Our society is saturated with unrealistic images and photo-shopped bodies.  As a mom of a little girl, I need to figure out how I’m going to teach her the ridiculousness of it all.  How fake the pictures are and how what we see in magazines and advertisements is the creation of fiction.  Lately, though, my attention has been drawn to this obsession with celebrities and their post-baby bodies.  Let’s not also forget about the celebrities who pose while pregnant; the recent picture of Jessica Simpson on the cover of Elle magazine comes to mind, showcasing her bare belly.  She looks great, but how much of this photograph is real?

Jessica Alba: Pregnant vs.
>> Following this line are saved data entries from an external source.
theorem theorem3p1:
  fixes I :: "real set" and T :: real
    and K :: "'x::{real_inner,complete_space} set"
    and A :: "'x \<Rightarrow> 'x" and mA LA :: real
    and R :: "(real \<Rightarrow> 'x) \<Rightarrow> (real \<Rightarrow> 'y::{real_inner,complete_space})"
    and S :: "(real \<Rightarrow> 'x) \<Rightarrow> (real \<Rightarrow> 'x)"
    and j :: "'y \<Rightarrow> 'x \<Rightarrow> real" and \<alpha>j :: real
    and f :: "real \<Rightarrow> 'x"
  assumes I_def: "(T > 0 \<and> I = {0..T}) \<or> I = {0..}"
    and K_ne: "K \<noteq> {}" and K_closed: "closed K" and K_convex: "convex K" and K_cone: "cone K"
    and mA_pos: "mA > 0" and LA_pos: "LA > 0"
    and A_mono: "\<And>u v. inner (A u - A v) (u - v) \<ge> mA * (norm (u - v))\<^sup>2"
    and A_lip: "\<And>u v. norm (A u - A v) \<le> LA * norm (u - v)"
    and R_cont: "\<And>u. continuous_on I u \<Longrightarrow> continuous_on I (R u)"
    and S_cont: "\<And>u. continuous_on I u \<Longrightarrow> continuous_on I (S u)"
    and RS_est: "\<And>J. compact J \<Longrightarrow> J \<subseteq> I \<Longrightarrow>
        \<exists>lR LR lS LS. lR > 0 \<and> LR > 0 \<and> lS > 0 \<and> LS > 0 \<and>
          (\<forall>u1 u2 t. continuous_on I u1 \<longrightarrow> continuous_on I u2 \<longrightarrow> t \<in> J \<longrightarrow>
             norm (R u1 t - R u2 t) \<le> lR * norm (u1 t - u2 t)
               + LR * integral {0..t} (\<lambda>s. norm (u1 s - u2 s))) \<and>
          (\<forall>u1 u2 t. continuous_on I u1 \<longrightarrow> continuous_on I u2 \<longrightarrow> t \<in> J \<longrightarrow>
             norm (S u1 t - S u2 t) \<le> lS * norm (u1 t - u2 t)
               + LS * integral {0..t} (\<lambda>s. norm (u1 s - u2 s))) \<and>
          (\<alpha>j + 1) * (lR + lS) < mA"
    and j_convex: "\<And>\<eta>. convex_on K (j \<eta>)"
    and j_poshom: "\<And>\<eta> c v. c > 0 \<Longrightarrow> v \<in> K \<Longrightarrow> j \<eta> (c *\<^sub>R v) = c * j \<eta> v"
    and j_lip: "\<And>\<eta>. \<exists>L. \<forall>v\<in>K. \<forall>w\<in>K. \<bar>j \<eta> v - j \<eta> w\<bar> \<le> L * norm (v - w)"
    and \<alpha>j_nonneg: "\<alpha>j \<ge> 0"
    and j_est: "\<And>\<eta>1 \<eta>2 v1 v2. v1 \<in> K \<Longrightarrow> v2 \<in> K \<Longrightarrow>
        j \<eta>1 v2 - j \<eta>1 v1 + j \<eta>2 v1 - j \<eta>2 v2 \<le> \<alpha>j * norm (\<eta>1 - \<eta>2) * norm (v1 - v2)"
    and f_cont: "continuous_on I f"
  shows "\<exists>u. continuous_on I u \<and> (\<forall>t\<in>I. u t \<in> K) \<and>
           (\<forall>t\<in>I. - u t \<in> normal_cone (Cset_t K j f (R u t) t) (A (u t) + S u t)) \<and>
           (\<forall>w. continuous_on I w \<and>
                (\<forall>t\<in>I. - w t \<in> normal_cone (Cset_t K j f (R w t) t) (A (w t) + S w t))
                \<longrightarrow> (\<forall>t\<in>I. w t = u t))"
proof -
  have I: "I \<subseteq> {0..}" "\<And>t. t \<in> I \<Longrightarrow> {0..t} \<subseteq> I"
    using I_def by auto
  have j_lipschitz: "\<exists>L. L-lipschitz_on K (j \<eta>)" for \<eta>
    using j_lip[of \<eta>] lipschitz_on_absI by metis
  obtain P where P: "\<And>\<eta> g p. evi_solution K A (j \<eta>) g p \<longleftrightarrow> P \<eta> g = p"
    and P_K: "\<And>\<eta> g. P \<eta> g \<in> K"
    and P_dist: "\<And>\<eta>1 \<eta>2 g1 g2. mA * norm (P \<eta>1 g1 - P \<eta>2 g2) \<le> norm (g1 - g2) + \<alpha>j * norm (\<eta>1 - \<eta>2)"
    using evi_solution_map[OF K_ne K_closed K_convex j_convex j_lipschitz mA_pos LA_pos A_mono A_lip
        j_est \<alpha>j_nonneg] by blast
  define \<Lambda> where "\<Lambda> u t = P (R u t) (f t - S u t)" for u t
  have "continuous_on I (\<Lambda> u)" if "continuous_on I u" for u
    unfolding \<Lambda>_def using R_cont[OF that] S_cont[OF that] f_cont
    by (intro continuous_on_jointly_lipschitz[OF P_dist mA_pos \<alpha>j_nonneg] continuous_intros)
  moreover have "\<exists>q M. 0 \<le> q \<and> q < 1 \<and> 0 \<le> M \<and> history_lipschitz I {0..t} q M \<Lambda>" if "t \<in> I" for t
  proof -
    obtain lR LR lS LS where "0 < lR" "0 < LR" "0 < lS" "0 < LS" "(\<alpha>j + 1) * (lR + lS) < mA"
      and R: "history_lipschitz I {0..t} lR LR R" and S: "history_lipschitz I {0..t} lS LS S"
      using RS_est[OF compact_Icc I(2)[OF \<open>t \<in> I\<close>]] unfolding history_lipschitz_def by blast
    then show ?thesis
      unfolding \<Lambda>_def by (intro solution_map_history_contraction[OF P_dist mA_pos \<alpha>j_nonneg R S]) auto
  qed
  ultimately obtain u where u: "continuous_on I u" "\<forall>t\<in>I. \<Lambda> u t = u t"
    and u_unique: "\<forall>w. continuous_on I w \<and> (\<forall>t\<in>I. \<Lambda> w t = w t) \<longrightarrow> (\<forall>t\<in>I. w t = u t)"
    using history_dependent_fixed_point[OF I] by blast
  have inclusion_iff: "(\<forall>t\<in>I. - w t \<in> normal_cone (Cset_t K j f (R w t) t) (A (w t) + S w t))
      \<longleftrightarrow> (\<forall>t\<in>I. \<Lambda> w t = w t)" for w
    using neg_mem_normal_cone_Cset_t_iff[where A = A and j = j,
        OF K_ne K_closed K_convex K_cone j_convex j_lipschitz j_poshom]
    by (simp add: P \<Lambda>_def)
  have "\<forall>t\<in>I. u t \<in> K"
    using P_K u(2) unfolding \<Lambda>_def by metis
  then show ?thesis
    unfolding inclusion_iff using u u_unique by blast
qed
Post-Baby Body

The magazines and the Internet are filled with pictures of ladies such as Mariah, Beyonce, and Jessica Alba with their amazing post-baby bodies.   There is always that photograph of a new mom in the tiny bikini splashing in the waves at the beach or the first appearance after having the baby wearing a tight dress.  All I wore for months post-baby were my maternity jeans and t-shirts.  Why are we praising these unattainable post-baby bodies?  Why does no one note that slimming down too quickly isn’t healthy for women?  Why is the first priority to “slim down” as quickly as possible after birth?  It isn’t natural.

Why doesn’t our society acknowledge the enormity (pun intended) of pregnancy and all that goes with it?  A woman’s body changes in so many ways and I feel like the media expects that two weeks after baby arrives, women should be rocking the skinny jeans.  It bothers me.  I mean, you are, after all, growing a human being in there!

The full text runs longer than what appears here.